Centre de Médecine Préventive Cardiovasculaire, INSERM CRI
Rheology of the circulation can be regarded as a branch of biomechanics related with vessel wall deformation and blood dynamics under mechanical stresses. The role of these forces in diffuse arterial rigidity, localized atherosclerotic plaque and thrombogenesis raise increasing interest in clinical research.

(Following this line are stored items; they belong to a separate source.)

(* For any finite simple graph $X$ and any update sequence $\pi\in S_X$, the mixed extended threshold SDS map $\mathbf{F}^\updownarrow_\pi$ has no periodic orbits of length $\ge 2$.
   Context: Let $X$ be a finite simple graph with vertices $1,\dots,n$; $d(v)$ is the degree of $v$ and $n[v]$ the closed neighborhood of $v$. An extended vertex state is $s_v=(x_v,k_v)\in\{0,1\}\times\{1,\dots,d(v)+1\}$; $\mathcal{S}$ is the product of these sets. Let $\sigma(x[v])=|\{u\in n[v]:x_u=1\}|$. The mixed vertex function maps $(x_v,k_v)$ to $(x_v',k_v')$ with $x_v'=1$ iff $\sigma(x[v])\ge k_v$ (else $0$), and $k_v'=k_v+1$ if $x_v=0$ and $\sigma(x[v])\ge k_v$; $k_v'=k_v-1$ if $x_v=1$ and $\sigma(x[v])<k_v$; $k_v'=k_v$ otherwise. The local map $F^\updownarrow_v$ updates only coordinate $v$ by this rule, and for a permutation $\pi=(\pi_1,\dots,\pi_n)$ of the vertices, $\mathbf{F}^\updownarrow_\pi=F^\updownarrow_{\pi_n}\circ\cdots\circ F^\updownarrow_{\pi_1}$. A periodic orbit of length $m$ is a cycle of $m$ distinct states under iteration. *)

theory Defs
  imports Main
begin

definition simple_graph :: "nat \<Rightarrow> (nat \<Rightarrow> nat \<Rightarrow> bool) \<Rightarrow> bool" where
  "simple_graph n E \<longleftrightarrow> (\<forall>u v. E u v \<longrightarrow> E v u) \<and> (\<forall>v. \<not> E v v)
     \<and> (\<forall>u v. E u v \<longrightarrow> u \<in> {1..n} \<and> v \<in> {1..n})"

definition nbhd :: "nat \<Rightarrow> (nat \<Rightarrow> nat \<Rightarrow> bool) \<Rightarrow> nat \<Rightarrow> nat set" where
  "nbhd n E v = {u \<in> {1..n}. E v u}"

definition deg :: "nat \<Rightarrow> (nat \<Rightarrow> nat \<Rightarrow> bool) \<Rightarrow> nat \<Rightarrow> nat" where
  "deg n E v = card (nbhd n E v)"

definition cnbhd :: "nat \<Rightarrow> (nat \<Rightarrow> nat \<Rightarrow> bool) \<Rightarrow> nat \<Rightarrow> nat set" where
  "cnbhd n E v = insert v (nbhd n E v)"

text \<open>A system state: vertex v has state (x v, k v) with x v :: bool
  (True = 1) and threshold k v.\<close>
type_synonym state = "(nat \<Rightarrow> bool) \<times> (nat \<Rightarrow> nat)"

definition state_space :: "nat \<Rightarrow> (nat \<Rightarrow> nat \<Rightarrow> bool) \<Rightarrow> state set" where
  "state_space n E = {(x, k). (\<forall>v\<in>{1..n}. 1 \<le> k v \<and> k v \<le> deg n E v + 1)
      \<and> (\<forall>v. v \<notin> {1..n} \<longrightarrow> x v = False \<and> k v = 1)}"

definition sigma :: "nat \<Rightarrow> (nat \<Rightarrow> nat \<Rightarrow> bool) \<Rightarrow> (nat \<Rightarrow> bool) \<Rightarrow> nat \<Rightarrow> nat" where
  "sigma n E x v = card {u \<in> cnbhd n E v. x u}"

definition mixed_vertex :: "nat \<Rightarrow> (nat \<Rightarrow> nat \<Rightarrow> bool) \<Rightarrow> state \<Rightarrow> nat \<Rightarrow> bool \<times> nat" where
  "mixed_vertex n E s v =
     (let x = fst s; k = snd s; sg = sigma n E x v in
       (k v \<le> sg,
        if \<not> x v \<and> k v \<le> sg then k v + 1
        else if x v \<and> sg < k v then k v - 1
        else k v))"

definition local_map :: "nat \<Rightarrow> (nat \<Rightarrow> nat \<Rightarrow> bool) \<Rightarrow> nat \<Rightarrow> state \<Rightarrow> state" where
  "local_map n E v s =
     (let (a, b) = mixed_vertex n E s v in ((fst s)(v := a), (snd s)(v := b)))"

text \<open>SDS map F_pi = F_{pi_n} o ... o F_{pi_1}: apply pi_1 first.\<close>
definition sds_map :: "nat \<Rightarrow> (nat \<Rightarrow> nat \<Rightarrow> bool) \<Rightarrow> nat list \<Rightarrow> state \<Rightarrow> state" where
  "sds_map n E \<pi> = fold (local_map n E) \<pi>"

definition periodic_orbit :: "(state \<Rightarrow> state) \<Rightarrow> state \<Rightarrow> nat \<Rightarrow> bool" where
  "periodic_orbit F s m \<longleftrightarrow> m \<ge> 1 \<and> (F ^^ m) s = s \<and> inj_on (\<lambda>i. (F ^^ i) s) {0..<m}"

end

theory Submission
  imports Defs
begin

text \<open>
  Give every active vertex w the weight (number of active neighbours of w) + 3 - 2 k_w and let
  the energy of a state be the total weight. Let N be the number of active neighbours of v.
  Switching v on requires k_v \<le> N and, since every active edge at v is counted from both
  ends, changes the energy by 2N + 3 - 2(k_v + 1) \<ge> 1; switching v off requires k_v > N + 1
  and changes it by 2k_v - 3 - 2N \<ge> 1. Hence every SDS map strictly increases the energy of
  each state it moves, and no state can return to itself after leaving.
\<close>

definition active_degree :: "nat \<Rightarrow> (nat \<Rightarrow> nat \<Rightarrow> bool) \<Rightarrow> (nat \<Rightarrow> bool) \<Rightarrow> nat \<Rightarrow> nat" where
  "active_degree n E x v = card {u \<in> nbhd n E v. x u}"

definition energy :: "nat \<Rightarrow> (nat \<Rightarrow> nat \<Rightarrow> bool) \<Rightarrow> state \<Rightarrow> int" where
  "energy n E s =
     (\<Sum>w | w \<in> {1..n} \<and> fst s w. int (active_degree n E (fst s) w) + 3 - 2 * int (snd s w))"

lemma simple_graph_symmetric: "simple_graph n E \<Longrightarrow> E u v = E v u"
  unfolding simple_graph_def by blast

lemma simple_graph_irreflexive: "simple_graph n E \<Longrightarrow> \<not> E v v"
  unfolding simple_graph_def by blast

lemma active_degree_upd_self:
  assumes "simple_graph n E"
  shows "active_degree n E (x(v := b)) v = active_degree n E x v"
  unfolding active_degree_def nbhd_def
  by (rule arg_cong[where f = card]) (use simple_graph_irreflexive[OF assms] in auto)

lemma active_degree_upd_other:
  assumes "w \<noteq> v" "v \<in> {1..n}"
  shows "active_degree n E (x(v := b)) w
           = active_degree n E (x(v := False)) w + (if b \<and> E w v then 1 else 0)"
proof -
  have "{u \<in> nbhd n E w. (x(v := b)) u}
          = (if b \<and> E w v then insert v else id) {u \<in> nbhd n E w. (x(v := False)) u}"
    using assms by (auto simp: nbhd_def)
  then show ?thesis
    unfolding active_degree_def by (simp add: nbhd_def)
qed

lemma sigma_eq_active_degree:
  assumes "simple_graph n E"
  shows "sigma n E x v = active_degree n E x v + (if x v then 1 else 0)"
proof -
  have "v \<notin> nbhd n E v"
    using simple_graph_irreflexive[OF assms] by (simp add: nbhd_def)
  moreover have "{u \<in> cnbhd n E v. x u}
                   = (if x v then insert v else id) {u \<in> nbhd n E v. x u}"
    by (auto simp: cnbhd_def)
  ultimately show ?thesis
    unfolding sigma_def active_degree_def by (simp add: nbhd_def)
qed

lemma energy_upd:
  assumes G: "simple_graph n E" and v: "v \<in> {1..n}"
  shows "energy n E (x(v := b), k(v := j))
           = energy n E (x(v := False), k)
             + (if b then 2 * int (active_degree n E x v) + 3 - 2 * int j else 0)"
proof -
  define A where "A = {w. w \<in> {1..n} \<and> (x(v := False)) w}"
  define f where "f w = int (active_degree n E (x(v := False)) w) + 3 - 2 * int (k w)" for w
  define g where "g w = int (active_degree n E (x(v := b)) w) + 3 - 2 * int ((k(v := j)) w)" for w
  have A: "finite A" "v \<notin> A" by (auto simp: A_def)
  \<comment> \<open>the active neighbours of v, counted from the other end of each edge\<close>
  have in_nbhd: "card {w \<in> A. E w v} = active_degree n E x v"
    unfolding active_degree_def nbhd_def A_def
    by (rule arg_cong[where f = card])
       (auto simp: simple_graph_symmetric[OF G] simple_graph_irreflexive[OF G])
  have "sum g A = (\<Sum>w\<in>A. f w + (if b \<and> E w v then 1 else 0))"
  proof (rule sum.cong)
    fix w assume "w \<in> A"
    with A(2) have "w \<noteq> v" by blast
    from active_degree_upd_other[OF this v, where x = x and b = b] \<open>w \<noteq> v\<close>
    show "g w = f w + (if b \<and> E w v then 1 else 0)"
      by (simp add: f_def g_def)
  qed simp
  also have "\<dots> = sum f A + (if b then int (card {w \<in> A. E w v}) else 0)"
    using A(1) by (simp add: sum.distrib sum.inter_filter[symmetric])
  finally have g_A: "sum g A = sum f A + (if b then int (active_degree n E x v) else 0)"
    by (simp add: in_nbhd)
  have g_v: "g v = int (active_degree n E x v) + 3 - 2 * int j"
    by (simp add: g_def active_degree_upd_self[OF G])
  have "{w. w \<in> {1..n} \<and> (x(v := b)) w} = (if b then insert v A else A)"
    using v by (auto simp: A_def)
  then have "energy n E (x(v := b), k(v := j)) = sum g (if b then insert v A else A)"
    by (simp add: energy_def g_def)
  also have "\<dots> = sum g A + (if b then g v else 0)"
    using A by simp
  also have "energy n E (x(v := False), k) = sum f A"
    by (simp add: energy_def f_def A_def)
  ultimately show ?thesis
    using g_A g_v by simp
qed

lemma local_map_increases_energy:
  assumes G: "simple_graph n E" and v: "v \<in> {1..n}"
  shows "local_map n E v s = s \<or> energy n E s < energy n E (local_map n E v s)"
proof -
  obtain x k where s: "s = (x, k)" by force
  define d where "d = int (active_degree n E x v)"
  have \<sigma>: "int (sigma n E x v) = d + (if x v then 1 else 0)"
    by (simp add: d_def sigma_eq_active_degree[OF G])
  have energy_s: "energy n E s = energy n E (x(v := False), k)
                    + (if x v then 2 * d + 3 - 2 * int (k v) else 0)"
    using energy_upd[OF G v, where x = x and k = k and b = "x v" and j = "k v"]
    by (simp add: s d_def)
  consider (switch_on) "\<not> x v" "k v \<le> sigma n E x v"
    | (switch_off) "x v" "sigma n E x v < k v"
    | (fires_iff_active) "(k v \<le> sigma n E x v) = x v"
    by (metis not_le)
  then show ?thesis
  proof cases
    case switch_on
    then have "local_map n E v s = (x(v := True), k(v := k v + 1))"
      by (simp add: s local_map_def mixed_vertex_def)
    then show ?thesis
      using switch_on \<sigma> energy_s
        energy_upd[OF G v, where x = x and k = k and b = True and j = "k v + 1"]
      by (simp add: d_def)
  next
    case switch_off
    then have "local_map n E v s = (x(v := False), k(v := k v - 1))"
      by (simp add: s local_map_def mixed_vertex_def)
    then show ?thesis
      using switch_off \<sigma> energy_s
        energy_upd[OF G v, where x = x and k = k and b = False and j = "k v - 1"]
      by simp
  next
    case fires_iff_active
    then have "local_map n E v s = s"
      by (auto simp: s local_map_def mixed_vertex_def)
    then show ?thesis ..
  qed
qed

lemma fold_local_map_increases_energy:
  assumes G: "simple_graph n E"
  shows "set vs \<subseteq> {1..n} \<Longrightarrow>
           fold (local_map n E) vs s = s \<or> energy n E s < energy n E (fold (local_map n E) vs s)"
proof (induction vs arbitrary: s)
  case (Cons v vs)
  then have v: "v \<in> {1..n}" and IH: "\<And>t. fold (local_map n E) vs t = t
               \<or> energy n E t < energy n E (fold (local_map n E) vs t)"
    by auto
  from local_map_increases_energy[OF G v, of s] IH[of "local_map n E v s"] show ?case
    by auto
qed simp

lemma iterate_mono_potential:
  fixes \<phi> :: "'a \<Rightarrow> 'b::order"
  assumes "\<And>t. F t = t \<or> \<phi> t < \<phi> (F t)"
  shows "\<phi> t \<le> \<phi> ((F ^^ j) t)"
proof (induction j)
  case (Suc j)
  then show ?case
    using assms[of "(F ^^ j) t"] by auto
qed simp

lemma periodic_orbit_strict_potential:
  fixes \<phi> :: "state \<Rightarrow> 'b::order"
  assumes strict: "\<And>t. F t = t \<or> \<phi> t < \<phi> (F t)" and orbit: "periodic_orbit F s m"
  shows "m < 2"
proof (rule ccontr)
  assume "\<not> m < 2"
  then obtain j where m: "m = Suc j" "j \<ge> 1" by (cases m) auto
  have period: "(F ^^ m) s = s" and inj: "inj_on (\<lambda>i. (F ^^ i) s) {0..<m}"
    using orbit unfolding periodic_orbit_def by auto
  have "F s \<noteq> s"
  proof
    assume "F s = s"
    then have "(\<lambda>i. (F ^^ i) s) 0 = (\<lambda>i. (F ^^ i) s) 1" by simp
    from inj_onD[OF inj this] m show False by auto
  qed
  then have "\<phi> s < \<phi> (F s)"
    using strict[of s] by auto
  also have "\<phi> (F s) \<le> \<phi> ((F ^^ j) (F s))"
    by (rule iterate_mono_potential[OF strict])
  also have "(F ^^ j) (F s) = s"
    using period by (simp only: m funpow_Suc_right comp_apply)
  finally show False by simp
qed

theorem proposition3p6:
  fixes n :: nat and E :: "nat \<Rightarrow> nat \<Rightarrow> bool" and \<pi> :: "nat list" and s :: state and m :: nat
  assumes "simple_graph n E"
    and "distinct \<pi>" and "set \<pi> = {1..n}"
    and "s \<in> state_space n E"
    and "periodic_orbit (sds_map n E \<pi>) s m"
  shows "m < 2"
proof -
  have "sds_map n E \<pi> t = t \<or> energy n E t < energy n E (sds_map n E \<pi> t)" for t
    unfolding sds_map_def
    by (rule fold_local_map_increases_energy[OF assms(1)]) (simp add: assms(3))
  then show ?thesis
    using assms(5) by (rule periodic_orbit_strict_potential)
qed

end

The mechanical stress related to intravascular pressure induces changes in the physical properties of the arterial wall (ie. arterial compliance, wall viscosity) which may contribute to the degenerative process of the arteries. The stress related to blood flow dynamics, or wall shear stress, which depends on blood viscosity and the velocity gradient at the arterial wall play an important role on the thickening and localization of arterial plaques in the vascular tree.
Arterial wall rigidity
Diffuse arterial rigidity, related to the sclerotic component of atherosclerosis, is detectable by the measurement of pulse-wave velocity (1), evaluated by simultaneously recording two arterial pulses (pressure or velocity by mecanography or Doppler ultrasound) at two different peripheral sites. Local arterial rigidity can be measured by recording the motion of the walls of the peripheral arteries (carotid or femoral) using an echotracking system (2). With aging, arteries progressively stiffen, dilate, and lenghten, and the arterial wall thickens. Chronic hypertension increased both diffuse and local arterial rigidity, but the arterial rigidity did not homogeneously affect the arterial tree (2). In diabetes mellitus with chronic elevation of blood glucose, arterial distensibility is decreased. It is likely that glycosylation (which is proportional to ambient glucose level) may reduce the elasticity of connective tissue in blood vessels. Smoking also has been demonstrated to increase aortic pulse wave velocity both in normotensive and hypertensive subjects independently of pressure and aging effects (1). The effect of smoking and hypertension on aortic rigidity were shown to be cumulative (1) (Figure 1).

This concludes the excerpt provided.